What is needed in the art is a PEO composition that overcomes the difficulties of melt processing and provides a commercially feasible product for use in flushable, personal care applications.
The present invention is directed to compositions having improved melt processability and improved mechanical characteristics, such as improved ductility, toughness and tear resistance. The compositions of the present invention comprise a polymer resin component, a dispersed modifier component derived from an emulsion, and a monomer grafted onto one or both of the polymer resin component and the modifier component. In one embodiment, the polymer resin comprises PEO. The present invention is further directed to grafted polymer resin/dispersed modifier compositions having improved processability, and methods for producing the same. Particularly, the present invention is directed to polymer blend compositions made by a melt extrusion process, which contain PEO and a dispersed modifier, which may be further chemically modified by grafting one or more vinyl monomers to the PEO and/or the dispersed modifier during a reactive extrusion process.
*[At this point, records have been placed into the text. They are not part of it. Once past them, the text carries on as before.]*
lemma gradient_lipschitz_lower_bound:
  fixes g :: "'a::real_inner \<Rightarrow> real"
  assumes deriv: "\<And>x. (g has_derivative (\<lambda>v. G x \<bullet> v)) (at x)"
    and lip: "\<And>x x'. norm (G x - G x') \<le> L * norm (x - x')"
  shows "g a + G a \<bullet> d - L / 2 * (norm d)\<^sup>2 \<le> g (a + d)"
proof -
  define \<psi> where "\<psi> s = g (a + s *\<^sub>R d) - s * (G a \<bullet> d) + L / 2 * s\<^sup>2 * (norm d)\<^sup>2" for s
  have "\<psi> 0 \<le> \<psi> 1"
  proof (rule DERIV_nonneg_imp_nondecreasing[where f = \<psi>])
    fix s :: real assume s: "0 \<le> s" "s \<le> 1"
    have "((\<lambda>s. a + s *\<^sub>R d) has_derivative (\<lambda>s. s *\<^sub>R d)) (at s)"
      by (auto intro!: derivative_eq_intros)
    from has_derivative_compose[OF this deriv]
    have "((\<lambda>s. g (a + s *\<^sub>R d)) has_real_derivative G (a + s *\<^sub>R d) \<bullet> d) (at s)"
      unfolding has_field_derivative_def by (simp add: mult_commute_abs)
    then have "(\<psi> has_real_derivative (G (a + s *\<^sub>R d) - G a) \<bullet> d + L * s * (norm d)\<^sup>2) (at s)"
      unfolding \<psi>_def by (auto intro!: derivative_eq_intros simp: inner_diff_left)
    moreover have "\<bar>(G (a + s *\<^sub>R d) - G a) \<bullet> d\<bar> \<le> L * s * (norm d)\<^sup>2"
    proof -
      have "\<bar>(G (a + s *\<^sub>R d) - G a) \<bullet> d\<bar> \<le> norm (G (a + s *\<^sub>R d) - G a) * norm d"
        by (rule Cauchy_Schwarz_ineq2)
      also have "\<dots> \<le> L * norm (s *\<^sub>R d) * norm d"
        using lip[of "a + s *\<^sub>R d" a] by (simp add: mult_right_mono)
      finally show ?thesis using s by (simp add: power2_eq_square mult.assoc)
    qed
    ultimately show "\<exists>D. (\<psi> has_real_derivative D) (at s) \<and> 0 \<le> D" by force
  qed simp
  then show ?thesis by (simp add: \<psi>_def)
qed

lemma has_derivative_of_quadratic_remainder:
  fixes g :: "'a::real_normed_vector \<Rightarrow> real"
  assumes "bounded_linear l"
    and remainder: "\<And>y'. \<bar>g y' - g y - l (y' - y)\<bar> \<le> C * (norm (y' - y))\<^sup>2"
  shows "(g has_derivative l) (at y)"
  unfolding has_derivative_at
proof (intro conjI assms(1))
  have "norm (norm (g (y + h) - g y - l h) / norm h) \<le> C * norm h" if "h \<noteq> 0" for h
  proof -
    have "\<bar>g (y + h) - g y - l h\<bar> \<le> C * norm h * norm h"
      using remainder[of "y + h"] by (simp add: power2_eq_square mult.assoc)
    with that show ?thesis by (simp add: divide_le_eq)
  qed
  then have "\<forall>\<^sub>F h in at 0. norm (norm (g (y + h) - g y - l h) / norm h) \<le> C * norm h"
    by (simp add: eventually_at_filter)
  moreover have "((\<lambda>h. C * norm h) \<longlongrightarrow> 0) (at 0)"
    by (rule tendsto_mult_right_zero[OF tendsto_norm_zero[OF tendsto_ident_at]])
  ultimately show "((\<lambda>h. norm (g (y + h) - g y - l h) / norm h) \<longlongrightarrow> 0) (at 0)"
    by (rule Lim_null_comparison)
qed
The present invention is also directed to films, fibers, and other thermoformable articles made from the melt processable compositions. More particularly, the present invention relates to compositions comprising PEO/modifier compositions and methods of modifying PEO/modifier compositions to improve their melt processability by grafting polar vinyl monomers, such as poly(ethylene glycol) methacrylates of different molecular weights, or 2-hydroxyethyl methacrylate, onto one or both of the PEO and modifier components of the composition. The grafting step is accomplished by melt blending a PEO, a modifier, a polar vinyl monomer(s) and an initiator, and applying heat and intensive shear. In one embodiment, the method of modification is a reactive-extrusion process. PEO compositions modified in accordance with the present invention have improved melt processability and may be thermally processed into films, fibers, and other articles, which have improved physical and mechanical properties over films, fibers, and articles similarly processed from unmodified PEO compositions, and grafted PEO compositions.
These and other features and advantages of the present invention will become apparent after a review of the following detailed description of the disclosed embodiments.